The government has discovered that some of the LTTE members, who did not get captured during the final battles, or swept up with the rest of the Tamil civilians as the military cleared LTTE fighters from the north, have been planning daring attacks to get fellow LTTE fighters out of the refugee camps before they can be identified. Sri Lankan intelligence knows that the overseas LTTE branches are already soliciting expatriate Sri Lankan Tamils for money, so the war can be revived.

The government is proceeding on the assumption that the war will be revived. But the army and police are preparing to suppress the revived war as quickly as possible. The armed forces are expanding from 200,000 to 300,000, and the 75,000 national police are getting new equipment, and new police stations, for the liberated north.

Military and police intelligence have already identified at least 18 armed groups of LTTE fighters (with at least 400 firearms) still on the loose in eastern Sri Lanka, which was liberated from LTTE control two years ago.
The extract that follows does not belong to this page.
(* Fix $\alpha\in(0,1/2)$, $m$, $n$. For all sufficiently large $T$, in every run of Algorithm 1 in which the small gradient assumption holds, the regret $\sum_{t=1}^T L^t(\mathbf{w}^t) - \min_{\mathbf{w}\in\Delta^m}\sum_{t=1}^T L^t(\mathbf{w})$ is at most \[\left(240 + \frac{12}{\alpha}\right) m^{(3-\alpha)/2}\, n\, \sqrt{T}\ln T.\]
   Context: Setting. There are $m$ experts and $n$ outcomes; $\Delta^k$ is the probability simplex in $\mathbb{R}^k$. For reports $\mathbf{p}^1,\dots,\mathbf{p}^m\in\Delta^n$ and $\mathbf{w}\in\Delta^m$, the logarithmic pool is $p^*_j(\mathbf{w}) = \frac{\prod_k (p^k_j)^{w_k}}{\sum_{\ell}\prod_k (p^k_\ell)^{w_k}}$. At each time $t\in[T]$, reports $\mathbf{p}^{t,1},\dots,\mathbf{p}^{t,m}$ and an outcome $j_t$ are revealed, with loss $L^t(\mathbf{w}) := -\ln p^*_{j_t}(\mathbf{w})$ and, by convention, $\partial_i L^t(\mathbf{w}) := \sum_{\ell} p^*_\ell(\mathbf{w}) \ln p^{t,i}_\ell - \ln p^{t,i}_{j_t}$. Algorithm 1 (parameter $\alpha \in (0,1/2)$): $R(\mathbf{w}) = -\frac{1}{\alpha}\sum_i w_i^\alpha$, $\eta = \frac{1}{\sqrt{T}\ln T}\cdot\frac{1}{12 m^{(1+\alpha)/2} n}$, $\mathbf{w}^1 = (1/m,\dots,1/m)$, $\eta_0=+\infty$. For $t=1,\dots,T$: if $\eta \le \min_i (w_i^t)^\alpha$ set $\eta_t = \min(\eta_{t-1},\eta)$, else $\eta_t = \min(\eta_{t-1}, \min_i w_i^t)$; then $\mathbf{w}^{t+1}\in\Delta^m$ is defined by $-(w_i^{t+1})^{\alpha-1} = -(w_i^t)^{\alpha-1} - \eta_t\partial_i L^t(\mathbf{w}^t) + c$ for all $i$, with $c$ the unique constant making $\sum_i w_i^{t+1}=1$. Let $\gamma := 12 n \ln T$. The small gradient assumption holds for a run if for every $t\in[T]$ and $i\in[m]$: $-\frac{\gamma}{w_i^t} \le \partial_i L^t(\mathbf{w}^t) \le \gamma$. *)

theory Defs
  imports "HOL-Analysis.Analysis"
begin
These groups still carry out attacks on police and Tamils considered "traitors," but this activity is low (several a month), as these surviving LTTE are constantly being hunted by police and soldiers. The security forces expect to eventually round up these remaining LTTE, mainly because there is little support for continued violence among Tamil civilians. A similar situation is expected up north, and the government hopes to be ready for it.